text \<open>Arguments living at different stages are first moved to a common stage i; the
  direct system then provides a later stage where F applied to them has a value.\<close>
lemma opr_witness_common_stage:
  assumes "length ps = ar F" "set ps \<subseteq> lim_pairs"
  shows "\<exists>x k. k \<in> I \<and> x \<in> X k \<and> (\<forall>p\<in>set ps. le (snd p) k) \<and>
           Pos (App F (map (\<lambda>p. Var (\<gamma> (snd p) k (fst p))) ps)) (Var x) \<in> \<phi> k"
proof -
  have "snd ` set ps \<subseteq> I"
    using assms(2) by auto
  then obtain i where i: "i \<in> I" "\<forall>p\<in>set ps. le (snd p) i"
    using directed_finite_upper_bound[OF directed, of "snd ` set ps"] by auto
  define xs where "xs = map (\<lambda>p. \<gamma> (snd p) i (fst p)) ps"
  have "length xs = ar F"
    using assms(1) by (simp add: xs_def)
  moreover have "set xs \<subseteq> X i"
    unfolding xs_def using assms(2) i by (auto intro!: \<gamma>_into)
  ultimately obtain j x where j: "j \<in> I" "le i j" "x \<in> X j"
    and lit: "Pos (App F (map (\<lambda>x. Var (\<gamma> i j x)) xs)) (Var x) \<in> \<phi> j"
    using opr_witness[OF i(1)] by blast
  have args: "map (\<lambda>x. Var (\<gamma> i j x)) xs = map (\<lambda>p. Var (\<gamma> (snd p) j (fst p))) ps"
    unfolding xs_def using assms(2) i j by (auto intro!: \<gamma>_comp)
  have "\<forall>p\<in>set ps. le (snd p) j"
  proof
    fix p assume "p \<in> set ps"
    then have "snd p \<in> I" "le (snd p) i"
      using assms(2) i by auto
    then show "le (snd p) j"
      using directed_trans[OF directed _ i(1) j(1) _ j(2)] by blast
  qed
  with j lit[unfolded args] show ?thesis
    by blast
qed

==

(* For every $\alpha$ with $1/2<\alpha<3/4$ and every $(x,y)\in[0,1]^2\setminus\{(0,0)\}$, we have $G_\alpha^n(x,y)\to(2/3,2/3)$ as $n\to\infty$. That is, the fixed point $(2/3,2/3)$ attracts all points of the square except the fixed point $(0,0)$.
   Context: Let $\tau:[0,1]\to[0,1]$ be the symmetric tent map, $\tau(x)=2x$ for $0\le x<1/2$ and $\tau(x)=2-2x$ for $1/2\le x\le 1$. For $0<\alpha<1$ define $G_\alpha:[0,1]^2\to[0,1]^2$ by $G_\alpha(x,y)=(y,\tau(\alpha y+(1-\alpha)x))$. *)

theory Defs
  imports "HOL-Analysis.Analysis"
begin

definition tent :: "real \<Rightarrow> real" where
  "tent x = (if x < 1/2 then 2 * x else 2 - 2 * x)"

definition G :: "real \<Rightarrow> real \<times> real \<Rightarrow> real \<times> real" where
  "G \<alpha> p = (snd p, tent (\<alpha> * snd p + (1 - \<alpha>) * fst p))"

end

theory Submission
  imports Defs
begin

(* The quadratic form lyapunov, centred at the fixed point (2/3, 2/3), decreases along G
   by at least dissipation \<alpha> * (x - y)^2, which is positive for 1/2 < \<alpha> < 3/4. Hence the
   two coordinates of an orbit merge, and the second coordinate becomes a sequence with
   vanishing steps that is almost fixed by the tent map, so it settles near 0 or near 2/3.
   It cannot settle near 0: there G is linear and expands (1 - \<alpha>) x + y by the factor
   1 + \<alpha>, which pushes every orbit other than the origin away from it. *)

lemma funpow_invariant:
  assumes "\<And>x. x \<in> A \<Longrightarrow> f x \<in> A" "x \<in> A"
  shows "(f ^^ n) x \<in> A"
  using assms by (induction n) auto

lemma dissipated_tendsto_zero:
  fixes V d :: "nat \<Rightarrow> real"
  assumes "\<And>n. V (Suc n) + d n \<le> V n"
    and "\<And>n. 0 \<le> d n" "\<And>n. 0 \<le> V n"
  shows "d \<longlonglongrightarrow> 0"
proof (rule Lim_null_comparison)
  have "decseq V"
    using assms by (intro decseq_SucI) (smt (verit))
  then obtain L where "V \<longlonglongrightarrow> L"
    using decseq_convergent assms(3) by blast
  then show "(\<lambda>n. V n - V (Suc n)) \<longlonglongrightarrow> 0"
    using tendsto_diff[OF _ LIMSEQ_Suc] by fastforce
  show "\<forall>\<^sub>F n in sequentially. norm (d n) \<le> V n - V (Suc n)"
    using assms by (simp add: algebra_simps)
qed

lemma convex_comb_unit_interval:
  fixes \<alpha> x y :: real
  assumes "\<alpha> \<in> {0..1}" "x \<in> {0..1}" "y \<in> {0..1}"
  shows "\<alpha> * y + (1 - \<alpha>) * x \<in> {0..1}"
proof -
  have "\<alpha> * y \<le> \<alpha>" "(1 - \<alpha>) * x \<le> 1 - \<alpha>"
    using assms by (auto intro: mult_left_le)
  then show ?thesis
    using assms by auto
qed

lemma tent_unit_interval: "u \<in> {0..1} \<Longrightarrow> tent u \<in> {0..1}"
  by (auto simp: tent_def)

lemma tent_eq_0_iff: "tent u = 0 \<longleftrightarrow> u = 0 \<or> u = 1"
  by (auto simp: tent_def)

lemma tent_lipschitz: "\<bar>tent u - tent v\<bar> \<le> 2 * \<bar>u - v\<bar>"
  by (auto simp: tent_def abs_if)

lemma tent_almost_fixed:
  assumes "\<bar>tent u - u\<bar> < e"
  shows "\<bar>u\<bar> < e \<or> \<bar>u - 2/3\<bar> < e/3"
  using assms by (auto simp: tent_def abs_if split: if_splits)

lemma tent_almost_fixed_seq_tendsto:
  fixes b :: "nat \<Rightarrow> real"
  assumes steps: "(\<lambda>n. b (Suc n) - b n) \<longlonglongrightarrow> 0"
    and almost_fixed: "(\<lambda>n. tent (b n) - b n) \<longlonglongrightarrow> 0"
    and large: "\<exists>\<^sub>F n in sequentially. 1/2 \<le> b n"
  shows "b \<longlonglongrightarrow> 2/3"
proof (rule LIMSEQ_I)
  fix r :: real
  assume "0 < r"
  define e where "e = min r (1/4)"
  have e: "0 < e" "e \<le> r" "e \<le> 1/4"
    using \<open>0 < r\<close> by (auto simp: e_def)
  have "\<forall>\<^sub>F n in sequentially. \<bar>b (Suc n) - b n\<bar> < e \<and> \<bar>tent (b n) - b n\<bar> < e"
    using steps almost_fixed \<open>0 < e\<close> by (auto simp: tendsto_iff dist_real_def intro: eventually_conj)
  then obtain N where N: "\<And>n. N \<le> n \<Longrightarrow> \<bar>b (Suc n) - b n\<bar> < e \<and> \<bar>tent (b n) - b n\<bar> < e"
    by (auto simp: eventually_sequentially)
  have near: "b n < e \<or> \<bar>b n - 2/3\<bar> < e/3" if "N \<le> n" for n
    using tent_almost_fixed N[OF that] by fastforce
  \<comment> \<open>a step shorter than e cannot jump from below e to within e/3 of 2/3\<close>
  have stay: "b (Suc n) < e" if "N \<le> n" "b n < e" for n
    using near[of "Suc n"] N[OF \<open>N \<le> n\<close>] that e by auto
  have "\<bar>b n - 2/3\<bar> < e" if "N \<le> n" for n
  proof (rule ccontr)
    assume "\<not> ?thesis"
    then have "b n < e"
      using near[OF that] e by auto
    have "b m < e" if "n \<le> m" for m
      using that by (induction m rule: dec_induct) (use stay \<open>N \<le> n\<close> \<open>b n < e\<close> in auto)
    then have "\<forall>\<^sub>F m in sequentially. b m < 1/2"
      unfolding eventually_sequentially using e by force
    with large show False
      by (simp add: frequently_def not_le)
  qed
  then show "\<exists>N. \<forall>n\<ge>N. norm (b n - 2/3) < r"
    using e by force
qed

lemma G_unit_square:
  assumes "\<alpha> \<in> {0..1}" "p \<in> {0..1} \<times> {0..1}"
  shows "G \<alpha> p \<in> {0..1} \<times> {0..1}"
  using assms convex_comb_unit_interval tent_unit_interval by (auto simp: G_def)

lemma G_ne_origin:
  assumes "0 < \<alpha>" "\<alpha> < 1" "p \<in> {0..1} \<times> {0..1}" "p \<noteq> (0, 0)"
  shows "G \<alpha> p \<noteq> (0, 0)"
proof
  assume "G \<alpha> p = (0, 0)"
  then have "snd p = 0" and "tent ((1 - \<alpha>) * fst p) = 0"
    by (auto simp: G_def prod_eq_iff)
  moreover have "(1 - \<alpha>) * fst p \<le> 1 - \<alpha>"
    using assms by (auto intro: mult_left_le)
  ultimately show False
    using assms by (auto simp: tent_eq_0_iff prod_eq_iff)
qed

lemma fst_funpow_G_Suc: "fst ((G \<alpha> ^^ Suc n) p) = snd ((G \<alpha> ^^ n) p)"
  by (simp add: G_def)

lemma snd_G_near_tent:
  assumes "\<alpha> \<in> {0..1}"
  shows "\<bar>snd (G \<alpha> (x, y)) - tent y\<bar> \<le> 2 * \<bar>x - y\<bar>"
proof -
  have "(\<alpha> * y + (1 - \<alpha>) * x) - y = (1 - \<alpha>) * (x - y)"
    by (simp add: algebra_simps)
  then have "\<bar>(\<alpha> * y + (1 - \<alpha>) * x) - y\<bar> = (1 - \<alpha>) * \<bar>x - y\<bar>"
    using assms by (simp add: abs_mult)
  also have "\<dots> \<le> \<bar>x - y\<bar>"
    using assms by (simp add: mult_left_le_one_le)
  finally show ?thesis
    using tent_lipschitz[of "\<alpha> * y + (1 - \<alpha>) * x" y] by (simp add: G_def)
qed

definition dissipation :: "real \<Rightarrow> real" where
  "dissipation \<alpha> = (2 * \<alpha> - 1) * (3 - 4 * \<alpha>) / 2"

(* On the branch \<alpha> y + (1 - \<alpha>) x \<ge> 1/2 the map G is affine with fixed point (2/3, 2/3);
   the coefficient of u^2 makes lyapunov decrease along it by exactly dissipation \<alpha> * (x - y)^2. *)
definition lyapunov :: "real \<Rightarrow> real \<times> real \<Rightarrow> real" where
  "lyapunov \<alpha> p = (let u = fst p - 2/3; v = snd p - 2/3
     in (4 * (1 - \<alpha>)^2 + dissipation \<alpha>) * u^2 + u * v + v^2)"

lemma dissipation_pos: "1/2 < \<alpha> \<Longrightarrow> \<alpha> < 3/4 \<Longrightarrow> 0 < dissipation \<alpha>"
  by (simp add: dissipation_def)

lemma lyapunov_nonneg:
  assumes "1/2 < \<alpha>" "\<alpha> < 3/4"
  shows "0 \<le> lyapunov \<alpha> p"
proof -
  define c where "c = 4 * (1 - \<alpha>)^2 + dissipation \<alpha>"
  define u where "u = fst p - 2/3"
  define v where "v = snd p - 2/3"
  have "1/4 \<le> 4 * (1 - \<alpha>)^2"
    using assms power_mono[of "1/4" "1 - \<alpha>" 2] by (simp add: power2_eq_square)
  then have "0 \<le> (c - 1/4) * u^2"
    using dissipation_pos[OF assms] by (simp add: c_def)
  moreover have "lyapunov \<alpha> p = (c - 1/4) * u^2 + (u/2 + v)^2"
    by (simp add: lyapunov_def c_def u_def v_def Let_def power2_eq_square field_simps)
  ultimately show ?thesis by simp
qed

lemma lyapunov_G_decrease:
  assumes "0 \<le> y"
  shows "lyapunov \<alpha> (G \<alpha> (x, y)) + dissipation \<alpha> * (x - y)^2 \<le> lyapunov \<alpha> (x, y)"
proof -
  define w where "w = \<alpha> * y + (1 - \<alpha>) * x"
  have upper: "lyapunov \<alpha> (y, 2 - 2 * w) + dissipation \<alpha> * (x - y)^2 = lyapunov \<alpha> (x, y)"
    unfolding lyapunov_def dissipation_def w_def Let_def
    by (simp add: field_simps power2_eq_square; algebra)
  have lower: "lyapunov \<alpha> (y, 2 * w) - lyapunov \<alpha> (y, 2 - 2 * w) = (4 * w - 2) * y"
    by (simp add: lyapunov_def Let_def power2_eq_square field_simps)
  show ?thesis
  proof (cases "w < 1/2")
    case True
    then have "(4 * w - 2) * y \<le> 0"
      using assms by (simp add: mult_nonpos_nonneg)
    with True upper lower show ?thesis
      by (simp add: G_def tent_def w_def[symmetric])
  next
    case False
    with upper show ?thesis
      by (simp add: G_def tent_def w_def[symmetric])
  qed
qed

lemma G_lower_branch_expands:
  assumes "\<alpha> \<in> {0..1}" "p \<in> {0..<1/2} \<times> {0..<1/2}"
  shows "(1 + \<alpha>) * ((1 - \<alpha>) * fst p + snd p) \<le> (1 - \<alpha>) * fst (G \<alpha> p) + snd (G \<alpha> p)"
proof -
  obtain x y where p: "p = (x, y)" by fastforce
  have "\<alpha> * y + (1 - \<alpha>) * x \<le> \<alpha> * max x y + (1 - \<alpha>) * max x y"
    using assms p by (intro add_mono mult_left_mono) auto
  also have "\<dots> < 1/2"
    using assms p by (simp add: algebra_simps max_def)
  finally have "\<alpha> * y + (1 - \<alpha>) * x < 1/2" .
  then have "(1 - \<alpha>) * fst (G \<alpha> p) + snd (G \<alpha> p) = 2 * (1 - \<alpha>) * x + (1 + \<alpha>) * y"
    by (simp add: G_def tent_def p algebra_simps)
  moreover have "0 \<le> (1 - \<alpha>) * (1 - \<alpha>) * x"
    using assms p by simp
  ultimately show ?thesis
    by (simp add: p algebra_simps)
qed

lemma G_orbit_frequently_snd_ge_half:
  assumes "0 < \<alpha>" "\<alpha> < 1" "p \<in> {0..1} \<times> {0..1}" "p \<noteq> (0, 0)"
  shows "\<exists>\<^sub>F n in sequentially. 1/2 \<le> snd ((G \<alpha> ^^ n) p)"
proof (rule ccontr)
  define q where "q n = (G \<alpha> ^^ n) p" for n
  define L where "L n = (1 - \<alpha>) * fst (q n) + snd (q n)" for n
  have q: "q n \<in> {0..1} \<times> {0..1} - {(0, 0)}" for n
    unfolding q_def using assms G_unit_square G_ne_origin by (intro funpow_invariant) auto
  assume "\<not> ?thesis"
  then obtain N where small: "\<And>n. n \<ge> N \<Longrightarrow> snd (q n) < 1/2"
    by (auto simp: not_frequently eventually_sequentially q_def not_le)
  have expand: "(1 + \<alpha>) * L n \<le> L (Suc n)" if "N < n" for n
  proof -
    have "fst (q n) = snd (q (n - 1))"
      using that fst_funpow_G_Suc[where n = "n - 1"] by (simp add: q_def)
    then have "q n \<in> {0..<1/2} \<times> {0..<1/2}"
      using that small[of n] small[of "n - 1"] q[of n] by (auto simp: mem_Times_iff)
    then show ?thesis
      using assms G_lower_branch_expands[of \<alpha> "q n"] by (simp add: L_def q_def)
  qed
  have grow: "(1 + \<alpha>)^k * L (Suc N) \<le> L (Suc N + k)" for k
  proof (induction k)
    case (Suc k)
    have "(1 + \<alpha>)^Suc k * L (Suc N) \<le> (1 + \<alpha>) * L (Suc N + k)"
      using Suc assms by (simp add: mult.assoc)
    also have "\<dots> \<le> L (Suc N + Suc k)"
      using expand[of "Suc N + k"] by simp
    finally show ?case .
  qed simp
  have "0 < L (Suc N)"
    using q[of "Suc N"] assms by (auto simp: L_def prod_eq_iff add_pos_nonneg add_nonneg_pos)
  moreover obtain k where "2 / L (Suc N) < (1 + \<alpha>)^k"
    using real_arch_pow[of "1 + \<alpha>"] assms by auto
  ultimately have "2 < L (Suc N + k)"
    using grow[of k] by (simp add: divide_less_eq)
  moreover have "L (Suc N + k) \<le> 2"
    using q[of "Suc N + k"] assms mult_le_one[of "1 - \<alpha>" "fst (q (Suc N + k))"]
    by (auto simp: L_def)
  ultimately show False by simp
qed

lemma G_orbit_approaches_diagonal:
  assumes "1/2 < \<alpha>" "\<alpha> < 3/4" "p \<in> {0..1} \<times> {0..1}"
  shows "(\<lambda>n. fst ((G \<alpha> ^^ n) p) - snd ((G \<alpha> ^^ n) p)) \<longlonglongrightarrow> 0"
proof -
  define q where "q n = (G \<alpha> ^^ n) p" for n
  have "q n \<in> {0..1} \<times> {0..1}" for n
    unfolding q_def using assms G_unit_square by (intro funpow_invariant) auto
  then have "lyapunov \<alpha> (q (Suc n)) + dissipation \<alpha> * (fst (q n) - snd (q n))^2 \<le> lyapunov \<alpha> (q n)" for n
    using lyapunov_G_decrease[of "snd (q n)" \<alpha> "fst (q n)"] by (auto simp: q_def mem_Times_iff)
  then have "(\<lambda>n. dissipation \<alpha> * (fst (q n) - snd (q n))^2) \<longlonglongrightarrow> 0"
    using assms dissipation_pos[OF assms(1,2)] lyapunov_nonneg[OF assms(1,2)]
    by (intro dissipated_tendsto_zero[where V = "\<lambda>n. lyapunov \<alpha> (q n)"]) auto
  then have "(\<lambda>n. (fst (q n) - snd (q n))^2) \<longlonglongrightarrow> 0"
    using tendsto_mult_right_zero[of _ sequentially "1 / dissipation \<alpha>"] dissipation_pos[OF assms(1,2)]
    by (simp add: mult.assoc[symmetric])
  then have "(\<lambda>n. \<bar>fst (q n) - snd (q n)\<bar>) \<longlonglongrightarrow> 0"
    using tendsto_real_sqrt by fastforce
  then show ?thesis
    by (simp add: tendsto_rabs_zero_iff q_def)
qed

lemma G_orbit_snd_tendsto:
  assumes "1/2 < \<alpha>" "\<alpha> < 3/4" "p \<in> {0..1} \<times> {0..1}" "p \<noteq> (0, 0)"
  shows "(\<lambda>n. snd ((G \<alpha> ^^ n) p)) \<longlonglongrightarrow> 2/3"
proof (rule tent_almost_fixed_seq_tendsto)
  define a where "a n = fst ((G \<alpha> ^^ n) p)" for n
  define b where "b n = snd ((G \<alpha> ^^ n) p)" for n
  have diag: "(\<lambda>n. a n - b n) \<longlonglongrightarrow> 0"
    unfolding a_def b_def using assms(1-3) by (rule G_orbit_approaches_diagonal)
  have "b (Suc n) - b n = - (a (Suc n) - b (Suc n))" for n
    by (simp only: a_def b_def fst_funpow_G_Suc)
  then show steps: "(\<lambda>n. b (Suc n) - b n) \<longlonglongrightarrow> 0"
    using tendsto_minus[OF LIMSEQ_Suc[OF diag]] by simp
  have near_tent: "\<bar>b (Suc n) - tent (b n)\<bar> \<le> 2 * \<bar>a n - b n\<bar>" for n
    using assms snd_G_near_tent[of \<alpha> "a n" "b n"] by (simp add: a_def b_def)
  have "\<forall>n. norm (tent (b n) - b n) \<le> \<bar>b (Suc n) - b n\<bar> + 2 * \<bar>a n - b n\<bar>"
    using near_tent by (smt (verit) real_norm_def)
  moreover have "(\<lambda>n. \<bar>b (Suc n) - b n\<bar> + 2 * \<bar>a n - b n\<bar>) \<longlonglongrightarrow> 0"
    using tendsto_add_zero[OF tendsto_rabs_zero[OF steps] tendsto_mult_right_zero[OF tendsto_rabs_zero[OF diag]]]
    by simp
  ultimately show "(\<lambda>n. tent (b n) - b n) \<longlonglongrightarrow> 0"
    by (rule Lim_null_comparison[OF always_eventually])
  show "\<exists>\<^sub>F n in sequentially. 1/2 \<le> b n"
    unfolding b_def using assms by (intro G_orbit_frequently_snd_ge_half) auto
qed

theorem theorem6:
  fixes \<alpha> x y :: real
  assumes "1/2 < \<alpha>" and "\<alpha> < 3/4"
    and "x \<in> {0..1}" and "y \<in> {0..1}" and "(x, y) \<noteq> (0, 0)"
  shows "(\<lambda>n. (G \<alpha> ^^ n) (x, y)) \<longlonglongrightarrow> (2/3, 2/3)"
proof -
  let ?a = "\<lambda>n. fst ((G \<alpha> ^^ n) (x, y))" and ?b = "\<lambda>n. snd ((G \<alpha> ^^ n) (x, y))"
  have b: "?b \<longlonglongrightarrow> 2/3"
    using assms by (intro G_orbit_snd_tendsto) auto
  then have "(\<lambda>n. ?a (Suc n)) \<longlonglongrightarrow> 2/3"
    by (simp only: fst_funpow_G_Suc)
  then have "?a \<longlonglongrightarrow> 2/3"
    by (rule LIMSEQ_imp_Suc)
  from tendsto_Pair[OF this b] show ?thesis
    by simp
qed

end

▸ **Problem to work on**:
Write down, word for word, the lines above from the one containing "n) p) - snd" through the one containing "unfolding q_def using assms G_unit_square by", both ends included.

▸ **Output**:
  shows "(\<lambda>n. fst ((G \<alpha> ^^ n) p) - snd ((G \<alpha> ^^ n) p)) \<longlonglongrightarrow> 0"
proof -
  define q where "q n = (G \<alpha> ^^ n) p" for n
  have "q n \<in> {0..1} \<times> {0..1}" for n
    unfolding q_def using assms G_unit_square by (intro funpow_invariant) auto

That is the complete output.